ACTIVITY:
Please return every line of the records that contains the word "infinity".

INFORMATION PROVIDED:
(* Let $q$ be a prime power, $1\le k\le n-1$, and let $\mathcal{L}$ be a Cameron-Liebler $k$-set of $\mathrm{AG}(n,q)$ with parameter $x$. Then for every $k$-spread $\mathcal{S}$ of $\mathrm{AG}(n,q)$ we have $|\mathcal{L}\cap\mathcal{S}|=x$.
   Context: $\mathrm{AG}(n,q)$ is $\mathrm{PG}(n,q)$ with a hyperplane $\pi_\infty$ removed; affine points are points outside $\pi_\infty$, affine $k$-spaces are $k$-dimensional projective subspaces not contained in $\pi_\infty$ (identified with their sets of affine points). A $k$-spread of $\mathrm{AG}(n,q)$ is a set of affine $k$-spaces that pairwise share no affine point and together cover all affine points. With $A_n$ the incidence matrix of affine points versus affine $k$-spaces, a set $\mathcal{L}$ of affine $k$-spaces is a Cameron-Liebler $k$-set of $\mathrm{AG}(n,q)$ if its characteristic vector lies in the real row space $\mathrm{Im}(A_n^T)$; its parameter is $x=|\mathcal{L}|/\left[{n\atop k}\right]_q$, where $\left[{a\atop b}\right]_q=\frac{(q^a-1)\cdots(q^{a-b+1}-1)}{(q^b-1)\cdots(q-1)}$. *)

theory Defs
  imports "HOL-Analysis.Analysis"
begin

text \<open>AG(n,q) is modelled as the vector space F^n over a finite field F with q elements,
  where n = CARD('n). Affine points are the vectors; an affine k-space is (the point set of)
  a coset v + W of a k-dimensional linear subspace W.\<close>

definition affine_kspaces :: "nat \<Rightarrow> ('a::{finite,field} ^ 'n) set set" where
  "affine_kspaces k = {(\<lambda>w. v + w) ` W | v W. vec.subspace W \<and> vec.dim W = k}"
(* Let $L>0$, $C\subset\mathbb{R}^n$ a nonempty closed convex set and $(f,h)\in\mathcal{B}_L(C)$. Let $\{x_k\}_{k\ge0}$ be generated by NoLips with constant step size $\lambda\in(0,1/L]$ from $x_0\in\operatorname{int}\operatorname{dom}h$. Then for every $k\ge2$, \[ \min_{1\le i\le k}D_h(x_{i-1},x_i)\le\frac{2D_h(x_*,x_0)}{k(k-1)}, \] where $x_*\in\operatorname{argmin}_C f\cap\operatorname{dom}h$.
   Context: $h$ is Legendre with zone $C$ if it is closed convex proper, $\overline{\operatorname{dom}h}=C$, continuously differentiable and strictly convex on $\operatorname{int}\operatorname{dom}h\ne\emptyset$, and $\|\nabla h(x_k)\|\to\infty$ for every sequence in $\operatorname{int}\operatorname{dom}h$ converging to a boundary point of $\operatorname{dom}h$. $D_h(x,y)=h(x)-h(y)-\langle\nabla h(y),x-y\rangle$. $(f,h)\in\mathcal{B}_L(C)$ means: $h$ is Legendre with zone $C$; $f:\mathbb{R}^n\to\mathbb{R}\cup\{+\infty\}$ is closed convex proper with $\operatorname{dom}h\subset\operatorname{dom}f$, continuously differentiable on $\operatorname{int}\operatorname{dom}h$; for every $\lambda>0$, $x\in\operatorname{int}\operatorname{dom}h$, $p\in\mathbb{R}^n$ the problem $\min_u\langle p,u-x\rangle+\frac1\lambda D_h(u,x)$ has a unique minimizer lying in $\operatorname{int}\operatorname{dom}h$; $\inf_C f>-\infty$; some minimizer of $f$ on $C$ lies in $\operatorname{dom}h$; and $Lh-f$ is convex on $C$. NoLips iterates $x_{k+1}=\operatorname{argmin}_{u\in\mathbb{R}^n}\langle\nabla f(x_k),u-x_k\rangle+\frac1\lambda D_h(u,x_k)$. *)

theory Defs
  imports "HOL-Analysis.Analysis"
begin

definition edom :: "('a \<Rightarrow> ereal) \<Rightarrow> 'a set" where
  "edom f = {x. f x < \<infinity>}"

definition epigraph_e :: "('a \<Rightarrow> ereal) \<Rightarrow> ('a \<times> real) set" where
  "epigraph_e f = {(x, t). f x \<le> ereal t}"

definition proper_fun :: "('a \<Rightarrow> ereal) \<Rightarrow> bool" where
  "proper_fun f \<longleftrightarrow> (\<forall>x. f x \<noteq> -\<infinity>) \<and> (\<exists>x. f x \<noteq> \<infinity>)"

definition closed_convex_proper :: "('a::real_normed_vector \<Rightarrow> ereal) \<Rightarrow> bool" where
  "closed_convex_proper f \<longleftrightarrow>
     closed (epigraph_e f) \<and> convex (epigraph_e f) \<and> proper_fun f"

definition has_gradient :: "('a::euclidean_space \<Rightarrow> ereal) \<Rightarrow> 'a \<Rightarrow> 'a \<Rightarrow> bool" where
  "has_gradient f g x \<longleftrightarrow> ((\<lambda>y. real_of_ereal (f y)) has_derivative (\<lambda>v. g \<bullet> v)) (at x)"

definition grad :: "('a::euclidean_space \<Rightarrow> ereal) \<Rightarrow> 'a \<Rightarrow> 'a" where
  "grad f x = (SOME g. has_gradient f g x)"

definition C1_on :: "('a::euclidean_space \<Rightarrow> ereal) \<Rightarrow> 'a set \<Rightarrow> bool" where
  "C1_on f S \<longleftrightarrow> (\<forall>x\<in>S. f x \<noteq> \<infinity> \<and> f x \<noteq> -\<infinity> \<and> (\<exists>g. has_gradient f g x))
                 \<and> continuous_on S (grad f)"

definition strictly_convex_on :: "'a set \<Rightarrow> ('a::real_vector \<Rightarrow> real) \<Rightarrow> bool" where
  "strictly_convex_on S f \<longleftrightarrow> (\<forall>x\<in>S. \<forall>y\<in>S. \<forall>t. x \<noteq> y \<longrightarrow> 0 < t \<longrightarrow> t < 1 \<longrightarrow>
      f ((1 - t) *\<^sub>R x + t *\<^sub>R y) < (1 - t) * f x + t * f y)"

definition legendre :: "('a::euclidean_space \<Rightarrow> ereal) \<Rightarrow> 'a set \<Rightarrow> bool" where
  "legendre h C \<longleftrightarrow>
     closed_convex_proper h \<and> closure (edom h) = C \<and>
     interior (edom h) \<noteq> {} \<and>
     C1_on h (interior (edom h)) \<and>
     strictly_convex_on (interior (edom h)) (\<lambda>x. real_of_ereal (h x)) \<and>
     (\<forall>s b. (\<forall>j. s j \<in> interior (edom h)) \<longrightarrow> s \<longlonglongrightarrow> b \<longrightarrow> b \<in> frontier (edom h) \<longrightarrow>
        filterlim (\<lambda>j. norm (grad h (s j))) at_top sequentially)"

definition bregman :: "('a::euclidean_space \<Rightarrow> ereal) \<Rightarrow> 'a \<Rightarrow> 'a \<Rightarrow> ereal" where
  "bregman h x y = h x - h y - ereal (grad h y \<bullet> (x - y))"

definition nolips_obj :: "('a::euclidean_space \<Rightarrow> ereal) \<Rightarrow> real \<Rightarrow> 'a \<Rightarrow> 'a \<Rightarrow> 'a \<Rightarrow> ereal" where
  "nolips_obj h lam p x u = ereal (p \<bullet> (u - x)) + ereal (1 / lam) * bregman h u x"

definition is_minimizer :: "('a \<Rightarrow> ereal) \<Rightarrow> 'a \<Rightarrow> bool" where
  "is_minimizer F u \<longleftrightarrow> (\<forall>v. F u \<le> F v)"

definition class_B :: "real \<Rightarrow> 'a set \<Rightarrow> ('a::euclidean_space \<Rightarrow> ereal) \<Rightarrow> ('a \<Rightarrow> ereal) \<Rightarrow> bool" where
  "class_B L C f h \<longleftrightarrow>
     legendre h C \<and>
     closed_convex_proper f \<and> edom h \<subseteq> edom f \<and>
     C1_on f (interior (edom h)) \<and>
     (\<forall>lam>0. \<forall>x\<in>interior (edom h). \<forall>p.
        (\<exists>!u. is_minimizer (nolips_obj h lam p x) u) \<and>
        (\<forall>u. is_minimizer (nolips_obj h lam p x) u \<longrightarrow> u \<in> interior (edom h))) \<and>
     (INF x\<in>C. f x) > -\<infinity> \<and>
     (\<exists>x\<in>C \<inter> edom h. \<forall>y\<in>C. f x \<le> f y) \<and>
     convex_on (edom h) (\<lambda>x. L * real_of_ereal (h x) - real_of_ereal (f x))"

end

theory Submission
  imports Defs
begin

(* Convexity of L h - f yields the descent inequality f y <= f z + <grad f z, y - z> + L D_h(y, z).
   Together with the optimality condition grad h x_(k+1) = grad h x_k - lam grad f x_k of the
   subproblem, the three-point identity of D_h and lam L <= 1, it gives for every u in dom h
     lam (f x_(k+1) - f u) <= D_h(u, x_k) - D_h(u, x_(k+1)).
   For u = x_k the steps D_h(x_k, x_(k+1)) are dominated by the decrease of lam f x_k; for u = x_*
   the gap lam (f x_(k+1) - f x_* ) is dominated by the decrease of D_h(x_*, x_k).  Summation by
   parts gives sum_(j=1..k-1) j D_h(x_j, x_(j+1)) <= D_h(x_*, x_0), and the smallest step is at most
   this bound divided by k(k-1)/2. *)

lemma convex_on_imp_above_tangent_plane:
  fixes F :: "'a::real_normed_vector \<Rightarrow> real"
  assumes convex: "convex_on S F" and "x \<in> S" "u \<in> S"
    and deriv: "(F has_derivative F') (at x)"
  shows "F x + F' (u - x) \<le> F u"
proof -
  define d where "d = u - x"
  have "((\<lambda>t. x + t *\<^sub>R d) has_derivative (\<lambda>s. s *\<^sub>R d)) (at 0)"
    by (auto intro!: derivative_eq_intros)
  then have "((\<lambda>t. F (x + t *\<^sub>R d)) has_derivative (\<lambda>s. F' (s *\<^sub>R d))) (at 0)"
    by (rule has_derivative_compose) (use deriv in simp)
  moreover have "(\<lambda>s. F' (s *\<^sub>R d)) = (*) (F' d)"
    using linear_scale[OF has_derivative_linear[OF deriv]] by (simp add: fun_eq_iff mult.commute)
  ultimately have "((\<lambda>t. F (x + t *\<^sub>R d)) has_field_derivative F' d) (at 0)"
    by (simp add: has_field_derivative_def)
  then have lim: "((\<lambda>t. (F (x + t *\<^sub>R d) - F x) / t) \<longlongrightarrow> F' d) (at_right 0)"
    unfolding has_field_derivative_iff by (auto intro: tendsto_mono[OF at_le])
  have "\<forall>\<^sub>F t in at_right 0. (F (x + t *\<^sub>R d) - F x) / t \<le> F u - F x"
    unfolding eventually_at_right_field
  proof (intro exI[of _ 1] conjI allI impI)
    fix t :: real
    assume "0 < t" "t < 1"
    moreover have "x + t *\<^sub>R d = (1 - t) *\<^sub>R x + t *\<^sub>R u"
      by (simp add: d_def algebra_simps)
    ultimately have "F (x + t *\<^sub>R d) \<le> (1 - t) * F x + t * F u"
      using convex_onD[OF convex, of t x u] \<open>x \<in> S\<close> \<open>u \<in> S\<close> by simp
    with \<open>0 < t\<close> show "(F (x + t *\<^sub>R d) - F x) / t \<le> F u - F x"
      by (simp add: divide_simps algebra_simps)
  qed simp
  then have "F' d \<le> F u - F x"
    by (rule tendsto_le[OF _ tendsto_const lim, rotated]) simp
  then show ?thesis
    by (simp add: d_def)
qed

(* The ereal-valued bregman of the definitions agrees with this real version on dom h
   (bregman_eq_bregman_real); all estimates are carried out with the latter. *)
definition bregman_real :: "('a::real_inner \<Rightarrow> real) \<Rightarrow> ('a \<Rightarrow> 'a) \<Rightarrow> 'a \<Rightarrow> 'a \<Rightarrow> real" where
  "bregman_real H G u z = H u - H z - G z \<bullet> (u - z)"

lemma bregman_real_same [simp]: "bregman_real H G u u = 0"
  by (simp add: bregman_real_def)

lemma bregman_real_nonneg:
  assumes "convex_on S H" "u \<in> S" "z \<in> S"
    and "(H has_derivative (\<lambda>v. G z \<bullet> v)) (at z)"
  shows "0 \<le> bregman_real H G u z"
  using convex_on_imp_above_tangent_plane[OF assms(1,3,2,4)] by (simp add: bregman_real_def)

lemma bregman_real_three_point:
  "bregman_real H G u z - bregman_real H G u y - bregman_real H G y z = (G y - G z) \<bullet> (u - y)"
  by (simp add: bregman_real_def algebra_simps inner_diff_left inner_diff_right)

lemma bregman_prox_stationary:
  fixes H :: "'a::real_inner \<Rightarrow> real"
  assumes "open S" "y \<in> S" "lam \<noteq> 0"
    and min: "\<And>u. u \<in> S \<Longrightarrow>
      p \<bullet> (y - z) + (1 / lam) * bregman_real H G y z \<le> p \<bullet> (u - z) + (1 / lam) * bregman_real H G u z"
    and deriv: "(H has_derivative (\<lambda>v. G y \<bullet> v)) (at y)"
  shows "G y = G z - lam *\<^sub>R p"
proof -
  define c where "c = 1 / lam"
  define w where "w = p + c *\<^sub>R (G y - G z)"
  have "((\<lambda>u. p \<bullet> (u - z) + c * bregman_real H G u z) has_derivative (\<lambda>v. w \<bullet> v)) (at y)"
    unfolding bregman_real_def
    by (rule has_derivative_eq_rhs, (auto intro!: derivative_eq_intros deriv)[1])
      (simp add: w_def fun_eq_iff algebra_simps inner_add_left inner_diff_left inner_diff_right)
  then have "(\<lambda>v. w \<bullet> v) = (\<lambda>v. 0)"
    using differential_zero_maxmin[OF \<open>y \<in> S\<close> \<open>open S\<close>] min unfolding c_def by blast
  then have "w = 0"
    by (metis inner_eq_zero_iff)
  moreover have "lam *\<^sub>R w = lam *\<^sub>R p + (G y - G z)"
    using \<open>lam \<noteq> 0\<close> by (simp add: w_def c_def scaleR_add_right)
  ultimately have "lam *\<^sub>R p + (G y - G z) = 0"
    by simp
  then show ?thesis
    by (simp add: algebra_simps eq_diff_eq)
qed
(* Let $L\in\mathbb Z_{\ge1}$, $\delta>0$, $C>0$. For all $N\ge1$ and $z$ with $\mathrm{Re}(z)\le-\delta$, $|z|\le C$, $$-\chi(-z,N)=\frac{N}{z}\mathrm{Li}_2(e^{z})-\frac12\log(1-e^{z})+\sum_{\ell=2}^{L}\frac{B_\ell}{\ell!}\Big(\frac{z}{N}\Big)^{\ell-1}\mathrm{Li}_{2-\ell}(e^{z})+O\Big(\frac1{N^{L}}\Big),$$ with principal logarithm and an implied constant depending only on $L,\delta,C$.
   Context: For $\mathrm{Re}(w)>0$ and $t>0$, $\chi(w,t):=\sum_{r=1}^\infty\dfrac{e^{-rw}}{r(e^{rw/t}-1)}$. Polylogarithms: $\mathrm{Li}_s(u)=\sum_{n\ge1}u^n/n^s$ for $|u|<1$. $B_n$ are the Bernoulli numbers ($z/(e^z-1)=\sum B_nz^n/n!$). *)

theory Defs
  imports "HOL-Analysis.Analysis" "HOL-Computational_Algebra.Formal_Power_Series"
begin

definition bernoulli :: "nat \<Rightarrow> real" where
  "bernoulli n = fact n * fps_nth (fps_X / (fps_exp 1 - 1)) n"

definition polylog :: "int \<Rightarrow> complex \<Rightarrow> complex" where
  "polylog s u = (\<Sum>n. u ^ Suc n / (of_nat (Suc n)) powi s)"

definition chi :: "complex \<Rightarrow> real \<Rightarrow> complex" where
  "chi w t = (\<Sum>r. exp (- of_nat (Suc r) * w) /
                 (of_nat (Suc r) * (exp (of_nat (Suc r) * w / of_real t) - 1)))"

end

theory Submission
  imports Defs
begin

text \<open>
  With x_r = r z / N, the r-th term of -chi(-z, N) is exp(r z) / r * 1 / (1 - exp(-x_r)).
  Replacing 1 / (1 - exp(-x)) by its truncated Laurent expansion
  1/x + 1/2 + \<Sum>_{l=2..L} B_l / l! * x^(l-1) and summing over r yields exactly the main terms,
  each a multiple of a polylogarithm. Since Re z \<le> -\<delta> and |z| \<le> C, every x_r lies in the cone
  Re x \<le> -(\<delta>/C) |x|, on which the expansion error is O(|x|^L) uniformly: near 0 by the Taylor
  expansion of x / (exp x - 1), far from 0 because 1 / (1 - exp(-x)) stays bounded there.
  So the total error is at most K (C/N)^L \<Sum>_r exp(-\<delta> r) r^(L-1).
\<close>

lemma fps_exp_minus_1_nonzero: "fps_exp 1 - 1 \<noteq> (0 :: 'a::field_char_0 fps)"
proof
  assume "fps_exp 1 - 1 = (0 :: 'a fps)"
  then have "fps_nth (fps_exp 1 - 1 :: 'a fps) 1 = 0" by simp
  then show False by simp
qed

lemma subdegree_fps_exp_minus_1: "subdegree (fps_exp 1 - 1 :: 'a::field_char_0 fps) = 1"
  by (rule subdegreeI) auto

lemma bernoulli_fps_times_exp_minus_1:
  "Abs_fps (\<lambda>n. of_real (bernoulli n / fact n) :: 'a::real_field) * (fps_exp 1 - 1) = fps_X"
proof (rule fps_ext)
  fix n
  have real_eq: "fps_X / (fps_exp 1 - 1) * (fps_exp 1 - 1) = (fps_X :: real fps)"
    by (rule fps_times_divide_eq[OF fps_exp_minus_1_nonzero])
       (simp only: subdegree_fps_exp_minus_1, simp)
  have "fps_nth (Abs_fps (\<lambda>n. of_real (bernoulli n / fact n) :: 'a) * (fps_exp 1 - 1)) n
        = of_real (fps_nth (fps_X / (fps_exp 1 - 1) * (fps_exp 1 - 1) :: real fps) n)"
    by (simp add: fps_mult_nth bernoulli_def of_real_sum) (intro sum.cong, auto)
  also have "\<dots> = fps_nth fps_X n"
    by (simp add: real_eq)
  finally show "fps_nth (Abs_fps (\<lambda>n. of_real (bernoulli n / fact n) :: 'a) * (fps_exp 1 - 1)) n
        = fps_nth fps_X n" .
qed

lemma fps_bernoulli:
  "fps_X / (fps_exp 1 - 1) = Abs_fps (\<lambda>n. of_real (bernoulli n / fact n) :: 'a::real_field)"
  by (metis bernoulli_fps_times_exp_minus_1 fps_divide_times_eq fps_exp_minus_1_nonzero)

lemma bernoulli_0: "bernoulli 0 = 1"
  using arg_cong[OF bernoulli_fps_times_exp_minus_1[where 'a=real], of "\<lambda>F. fps_nth F 1"]
  by (simp add: fps_mult_nth)

lemma bernoulli_1: "bernoulli 1 = - 1 / 2"
  using arg_cong[OF bernoulli_fps_times_exp_minus_1[where 'a=real], of "\<lambda>F. fps_nth F 2"]
  by (simp add: fps_mult_nth numeral_2_eq_2 bernoulli_0)

lemma has_fps_expansion_bernoulli:
  "(\<lambda>x::'a::{banach, real_normed_field}. if x = 0 then 1 else x / (exp x - 1))
     has_fps_expansion Abs_fps (\<lambda>n. of_real (bernoulli n / fact n))"
  unfolding fps_bernoulli[symmetric]
  by (intro has_fps_expansion_divide has_fps_expansion_diff has_fps_expansion_exp1
        has_fps_expansion_1 has_fps_expansion_fps_X fps_exp_minus_1_nonzero)
     (simp_all only: subdegree_fps_exp_minus_1, simp_all)

lemma eval_fps_eq_sum_plus_shift:
  fixes F :: "'a::{banach, real_normed_div_algebra, comm_ring_1} fps"
  assumes "norm z < fps_conv_radius F"
  shows "eval_fps F z = (\<Sum>n\<le>L. fps_nth F n * z ^ n) + z ^ Suc L * eval_fps (fps_shift (Suc L) F) z"
proof -
  have "(\<lambda>n. fps_nth (fps_shift (Suc L) F) n * z ^ n) sums eval_fps (fps_shift (Suc L) F) z"
    by (rule sums_eval_fps) (simp add: assms)
  from sums_mult[OF this, of "z ^ Suc L"]
  have "(\<lambda>n. fps_nth F (n + Suc L) * z ^ (n + Suc L)) sums
          (z ^ Suc L * eval_fps (fps_shift (Suc L) F) z)"
    by (simp add: power_add mult_ac)
  then have "(\<lambda>n. fps_nth F n * z ^ n) sums
          (z ^ Suc L * eval_fps (fps_shift (Suc L) F) z + (\<Sum>n<Suc L. fps_nth F n * z ^ n))"
    by (subst (asm) sums_iff_shift)
  from sums_unique2[OF sums_eval_fps[OF assms] this] show ?thesis
    by (simp add: lessThan_Suc_atMost add_ac)
qed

THE ANSWER:
  "edom f = {x. f x < \<infinity>}"
  "proper_fun f \<longleftrightarrow> (\<forall>x. f x \<noteq> -\<infinity>) \<and> (\<exists>x. f x \<noteq> \<infinity>)"
  "C1_on f S \<longleftrightarrow> (\<forall>x\<in>S. f x \<noteq> \<infinity> \<and> f x \<noteq> -\<infinity> \<and> (\<exists>g. has_gradient f g x))
     (INF x\<in>C. f x) > -\<infinity> \<and>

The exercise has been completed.